* EXERCISE
From the data below, copy exactly the lines that lie between the one holding "then show ?thesis using assms(2)" and the one holding "g) \<in> carrier", including both, and nothing more.

[Collected data entries]
= Beginning of Section =
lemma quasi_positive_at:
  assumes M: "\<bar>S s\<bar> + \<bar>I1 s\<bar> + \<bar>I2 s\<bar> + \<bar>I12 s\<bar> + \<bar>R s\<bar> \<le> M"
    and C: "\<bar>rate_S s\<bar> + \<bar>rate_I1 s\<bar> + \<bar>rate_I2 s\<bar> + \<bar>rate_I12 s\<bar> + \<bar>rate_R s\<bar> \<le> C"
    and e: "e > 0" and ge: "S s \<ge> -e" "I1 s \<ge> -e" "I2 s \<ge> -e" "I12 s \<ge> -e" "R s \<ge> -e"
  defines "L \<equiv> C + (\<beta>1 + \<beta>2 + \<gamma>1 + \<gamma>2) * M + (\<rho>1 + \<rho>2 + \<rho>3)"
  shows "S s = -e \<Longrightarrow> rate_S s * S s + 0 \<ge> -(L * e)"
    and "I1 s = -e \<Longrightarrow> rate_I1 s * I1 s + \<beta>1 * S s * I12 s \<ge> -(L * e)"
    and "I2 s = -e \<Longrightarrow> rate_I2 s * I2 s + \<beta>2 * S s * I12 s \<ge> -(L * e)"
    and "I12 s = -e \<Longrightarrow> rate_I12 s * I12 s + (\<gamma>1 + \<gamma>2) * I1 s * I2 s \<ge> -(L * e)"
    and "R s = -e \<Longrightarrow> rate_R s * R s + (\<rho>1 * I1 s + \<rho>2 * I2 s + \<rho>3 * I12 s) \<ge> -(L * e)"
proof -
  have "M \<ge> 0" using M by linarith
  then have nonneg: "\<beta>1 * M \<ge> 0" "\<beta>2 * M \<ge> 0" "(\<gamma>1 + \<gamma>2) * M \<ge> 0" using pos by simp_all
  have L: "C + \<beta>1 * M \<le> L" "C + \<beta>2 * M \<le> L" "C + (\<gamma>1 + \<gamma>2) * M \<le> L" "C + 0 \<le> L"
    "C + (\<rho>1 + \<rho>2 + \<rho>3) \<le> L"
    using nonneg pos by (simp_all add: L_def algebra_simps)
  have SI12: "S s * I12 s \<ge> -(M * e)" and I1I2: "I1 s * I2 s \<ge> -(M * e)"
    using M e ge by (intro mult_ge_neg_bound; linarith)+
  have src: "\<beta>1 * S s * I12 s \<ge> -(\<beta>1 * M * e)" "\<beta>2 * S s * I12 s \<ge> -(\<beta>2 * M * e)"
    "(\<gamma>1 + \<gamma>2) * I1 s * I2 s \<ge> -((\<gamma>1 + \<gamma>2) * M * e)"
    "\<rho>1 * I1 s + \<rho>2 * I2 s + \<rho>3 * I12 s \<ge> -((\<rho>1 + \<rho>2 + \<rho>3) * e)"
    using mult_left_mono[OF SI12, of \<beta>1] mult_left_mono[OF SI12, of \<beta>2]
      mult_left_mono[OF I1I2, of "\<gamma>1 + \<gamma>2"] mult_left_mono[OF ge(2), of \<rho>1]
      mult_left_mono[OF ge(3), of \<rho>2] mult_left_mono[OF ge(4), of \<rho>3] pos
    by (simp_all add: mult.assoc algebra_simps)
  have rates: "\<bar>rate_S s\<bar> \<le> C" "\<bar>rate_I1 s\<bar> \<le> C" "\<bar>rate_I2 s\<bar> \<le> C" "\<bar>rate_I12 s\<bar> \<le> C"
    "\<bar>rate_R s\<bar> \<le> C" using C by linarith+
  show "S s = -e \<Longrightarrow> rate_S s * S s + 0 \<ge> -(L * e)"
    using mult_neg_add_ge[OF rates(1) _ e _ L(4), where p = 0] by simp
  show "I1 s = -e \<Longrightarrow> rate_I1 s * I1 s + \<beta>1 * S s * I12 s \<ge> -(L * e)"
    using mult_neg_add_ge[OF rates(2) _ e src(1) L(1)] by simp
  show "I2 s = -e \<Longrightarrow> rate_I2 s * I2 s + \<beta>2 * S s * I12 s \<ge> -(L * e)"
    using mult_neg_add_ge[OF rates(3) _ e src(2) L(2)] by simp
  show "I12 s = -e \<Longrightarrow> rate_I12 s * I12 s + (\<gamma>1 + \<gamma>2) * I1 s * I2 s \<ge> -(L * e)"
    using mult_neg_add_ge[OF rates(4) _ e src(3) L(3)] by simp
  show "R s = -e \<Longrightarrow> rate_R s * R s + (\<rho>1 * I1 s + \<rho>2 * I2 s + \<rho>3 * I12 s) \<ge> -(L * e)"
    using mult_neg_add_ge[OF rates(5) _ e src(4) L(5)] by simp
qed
= End of Section =
= Beginning of Section =
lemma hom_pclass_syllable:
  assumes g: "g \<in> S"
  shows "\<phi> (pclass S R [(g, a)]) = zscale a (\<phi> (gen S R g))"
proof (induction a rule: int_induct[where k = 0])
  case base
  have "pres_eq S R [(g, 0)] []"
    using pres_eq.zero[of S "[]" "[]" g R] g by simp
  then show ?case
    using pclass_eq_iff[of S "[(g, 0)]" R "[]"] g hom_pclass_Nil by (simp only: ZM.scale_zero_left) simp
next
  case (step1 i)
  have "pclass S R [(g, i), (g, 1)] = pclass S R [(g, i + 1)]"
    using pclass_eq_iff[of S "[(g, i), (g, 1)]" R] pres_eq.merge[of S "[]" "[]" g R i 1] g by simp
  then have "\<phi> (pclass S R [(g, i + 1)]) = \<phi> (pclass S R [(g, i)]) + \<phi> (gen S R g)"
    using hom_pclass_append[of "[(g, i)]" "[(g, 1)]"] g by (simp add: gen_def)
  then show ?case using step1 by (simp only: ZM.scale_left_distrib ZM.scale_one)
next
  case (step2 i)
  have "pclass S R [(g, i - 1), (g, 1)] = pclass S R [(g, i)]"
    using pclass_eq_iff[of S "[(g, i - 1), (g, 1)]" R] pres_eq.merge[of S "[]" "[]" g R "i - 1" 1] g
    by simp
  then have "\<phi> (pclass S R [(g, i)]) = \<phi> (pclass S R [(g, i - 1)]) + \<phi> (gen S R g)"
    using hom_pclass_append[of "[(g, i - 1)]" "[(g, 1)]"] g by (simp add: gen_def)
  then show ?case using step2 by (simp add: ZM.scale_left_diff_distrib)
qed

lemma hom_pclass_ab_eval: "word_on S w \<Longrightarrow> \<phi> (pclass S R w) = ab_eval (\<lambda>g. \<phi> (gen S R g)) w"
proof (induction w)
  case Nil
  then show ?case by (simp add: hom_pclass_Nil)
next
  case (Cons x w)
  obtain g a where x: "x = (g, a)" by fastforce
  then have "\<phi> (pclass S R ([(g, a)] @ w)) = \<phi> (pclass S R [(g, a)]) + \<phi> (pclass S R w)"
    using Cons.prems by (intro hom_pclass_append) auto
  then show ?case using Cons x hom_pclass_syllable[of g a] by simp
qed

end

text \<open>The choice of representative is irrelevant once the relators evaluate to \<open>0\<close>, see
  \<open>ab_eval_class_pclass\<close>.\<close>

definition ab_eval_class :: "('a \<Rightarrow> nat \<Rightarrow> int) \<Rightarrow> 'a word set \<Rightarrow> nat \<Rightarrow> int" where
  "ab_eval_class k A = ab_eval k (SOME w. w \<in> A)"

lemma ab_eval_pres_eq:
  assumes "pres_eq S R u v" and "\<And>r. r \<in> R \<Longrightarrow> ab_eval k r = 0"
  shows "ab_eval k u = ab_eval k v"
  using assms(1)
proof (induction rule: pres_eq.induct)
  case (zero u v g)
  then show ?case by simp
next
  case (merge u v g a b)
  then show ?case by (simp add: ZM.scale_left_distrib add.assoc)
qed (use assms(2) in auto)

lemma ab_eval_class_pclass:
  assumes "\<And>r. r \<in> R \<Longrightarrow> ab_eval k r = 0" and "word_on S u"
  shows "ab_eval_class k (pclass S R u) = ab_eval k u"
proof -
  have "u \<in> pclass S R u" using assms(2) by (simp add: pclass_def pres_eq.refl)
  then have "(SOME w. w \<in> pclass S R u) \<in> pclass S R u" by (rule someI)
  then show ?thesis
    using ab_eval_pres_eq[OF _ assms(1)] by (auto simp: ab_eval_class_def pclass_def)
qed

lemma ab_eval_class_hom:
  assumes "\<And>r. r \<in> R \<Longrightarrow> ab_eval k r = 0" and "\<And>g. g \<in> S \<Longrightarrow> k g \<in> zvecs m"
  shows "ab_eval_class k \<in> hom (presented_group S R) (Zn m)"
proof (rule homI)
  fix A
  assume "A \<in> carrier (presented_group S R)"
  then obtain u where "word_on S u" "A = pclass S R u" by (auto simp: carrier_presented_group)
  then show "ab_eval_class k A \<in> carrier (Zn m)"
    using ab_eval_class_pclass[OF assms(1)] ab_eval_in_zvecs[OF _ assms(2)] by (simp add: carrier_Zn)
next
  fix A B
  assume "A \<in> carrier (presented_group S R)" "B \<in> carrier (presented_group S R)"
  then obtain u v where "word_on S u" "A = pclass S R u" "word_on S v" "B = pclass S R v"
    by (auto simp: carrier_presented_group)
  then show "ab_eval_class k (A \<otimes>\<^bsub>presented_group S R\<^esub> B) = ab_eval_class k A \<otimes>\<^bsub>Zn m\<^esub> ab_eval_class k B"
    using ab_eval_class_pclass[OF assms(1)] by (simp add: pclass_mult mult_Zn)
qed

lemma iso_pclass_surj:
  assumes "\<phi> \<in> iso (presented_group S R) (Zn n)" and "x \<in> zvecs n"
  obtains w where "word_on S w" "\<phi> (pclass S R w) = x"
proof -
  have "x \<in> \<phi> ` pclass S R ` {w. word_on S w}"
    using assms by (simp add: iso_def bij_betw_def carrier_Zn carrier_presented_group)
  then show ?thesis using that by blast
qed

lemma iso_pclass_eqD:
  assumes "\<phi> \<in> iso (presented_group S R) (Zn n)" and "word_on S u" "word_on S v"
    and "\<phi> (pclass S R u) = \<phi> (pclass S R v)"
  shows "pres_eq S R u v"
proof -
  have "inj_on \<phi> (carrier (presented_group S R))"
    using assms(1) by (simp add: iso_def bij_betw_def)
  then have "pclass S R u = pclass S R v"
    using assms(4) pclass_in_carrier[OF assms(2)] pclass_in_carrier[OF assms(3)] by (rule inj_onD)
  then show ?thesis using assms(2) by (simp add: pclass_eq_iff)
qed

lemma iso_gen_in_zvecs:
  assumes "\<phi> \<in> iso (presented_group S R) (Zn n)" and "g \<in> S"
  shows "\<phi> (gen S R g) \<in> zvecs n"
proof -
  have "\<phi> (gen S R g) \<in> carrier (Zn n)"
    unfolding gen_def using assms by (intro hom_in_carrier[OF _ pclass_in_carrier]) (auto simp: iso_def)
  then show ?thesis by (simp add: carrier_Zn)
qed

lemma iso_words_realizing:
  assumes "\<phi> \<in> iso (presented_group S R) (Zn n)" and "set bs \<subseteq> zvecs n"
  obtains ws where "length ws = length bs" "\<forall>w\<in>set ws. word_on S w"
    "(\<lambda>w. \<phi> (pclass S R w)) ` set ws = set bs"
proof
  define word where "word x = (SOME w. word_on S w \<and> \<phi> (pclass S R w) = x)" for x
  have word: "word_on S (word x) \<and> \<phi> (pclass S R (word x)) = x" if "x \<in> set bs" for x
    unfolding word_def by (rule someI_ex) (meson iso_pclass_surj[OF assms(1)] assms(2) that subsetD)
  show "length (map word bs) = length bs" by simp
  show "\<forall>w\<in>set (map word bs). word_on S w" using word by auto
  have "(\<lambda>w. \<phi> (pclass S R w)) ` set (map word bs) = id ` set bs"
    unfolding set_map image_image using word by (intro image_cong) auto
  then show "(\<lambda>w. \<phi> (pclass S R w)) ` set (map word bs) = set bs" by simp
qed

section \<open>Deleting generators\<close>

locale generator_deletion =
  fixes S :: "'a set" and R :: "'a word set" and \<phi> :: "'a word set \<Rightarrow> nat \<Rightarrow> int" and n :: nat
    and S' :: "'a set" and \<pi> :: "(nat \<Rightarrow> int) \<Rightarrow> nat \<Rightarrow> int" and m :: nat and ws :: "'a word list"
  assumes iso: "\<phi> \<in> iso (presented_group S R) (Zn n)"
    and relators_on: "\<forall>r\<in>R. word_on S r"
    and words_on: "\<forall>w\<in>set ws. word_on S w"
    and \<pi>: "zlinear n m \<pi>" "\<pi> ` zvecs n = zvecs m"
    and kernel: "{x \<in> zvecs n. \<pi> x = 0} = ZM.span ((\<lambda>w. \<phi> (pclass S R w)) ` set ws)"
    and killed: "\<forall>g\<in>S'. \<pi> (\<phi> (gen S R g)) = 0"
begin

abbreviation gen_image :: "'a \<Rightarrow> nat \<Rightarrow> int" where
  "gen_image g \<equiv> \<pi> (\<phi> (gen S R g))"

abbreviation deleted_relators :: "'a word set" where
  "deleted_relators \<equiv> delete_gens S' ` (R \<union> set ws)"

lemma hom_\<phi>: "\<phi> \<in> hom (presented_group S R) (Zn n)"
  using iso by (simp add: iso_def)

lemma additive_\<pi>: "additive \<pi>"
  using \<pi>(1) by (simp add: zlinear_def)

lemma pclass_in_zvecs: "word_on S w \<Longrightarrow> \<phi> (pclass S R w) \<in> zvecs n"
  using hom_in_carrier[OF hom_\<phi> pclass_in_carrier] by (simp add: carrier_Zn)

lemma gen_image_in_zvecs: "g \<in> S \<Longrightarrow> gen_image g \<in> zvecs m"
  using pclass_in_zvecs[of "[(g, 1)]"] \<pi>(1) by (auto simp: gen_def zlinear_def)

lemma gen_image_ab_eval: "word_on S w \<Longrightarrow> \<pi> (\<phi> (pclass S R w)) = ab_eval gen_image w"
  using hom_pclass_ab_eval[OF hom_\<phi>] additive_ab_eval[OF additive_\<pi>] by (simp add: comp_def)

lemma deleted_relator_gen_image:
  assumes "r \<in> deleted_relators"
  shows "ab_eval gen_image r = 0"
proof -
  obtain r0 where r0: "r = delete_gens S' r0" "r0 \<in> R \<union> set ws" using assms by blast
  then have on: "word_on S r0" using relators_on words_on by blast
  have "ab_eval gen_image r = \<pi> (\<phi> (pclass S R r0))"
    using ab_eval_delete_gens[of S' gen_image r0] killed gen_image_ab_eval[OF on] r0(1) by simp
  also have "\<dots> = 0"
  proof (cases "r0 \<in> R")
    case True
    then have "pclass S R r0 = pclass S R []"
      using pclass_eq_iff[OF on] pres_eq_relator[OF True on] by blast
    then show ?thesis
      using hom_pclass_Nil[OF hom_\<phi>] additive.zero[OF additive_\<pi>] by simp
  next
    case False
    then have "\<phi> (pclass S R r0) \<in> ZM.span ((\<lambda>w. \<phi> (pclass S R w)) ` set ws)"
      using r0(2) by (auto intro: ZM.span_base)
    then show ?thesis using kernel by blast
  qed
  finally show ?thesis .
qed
= End of Section =
* TASK ANSWER
  then show ?thesis using assms(2) by (simp add: pclass_eq_iff)
qed

lemma iso_gen_in_zvecs:
  assumes "\<phi> \<in> iso (presented_group S R) (Zn n)" and "g \<in> S"
  shows "\<phi> (gen S R g) \<in> zvecs n"
proof -
  have "\<phi> (gen S R g) \<in> carrier (Zn n)"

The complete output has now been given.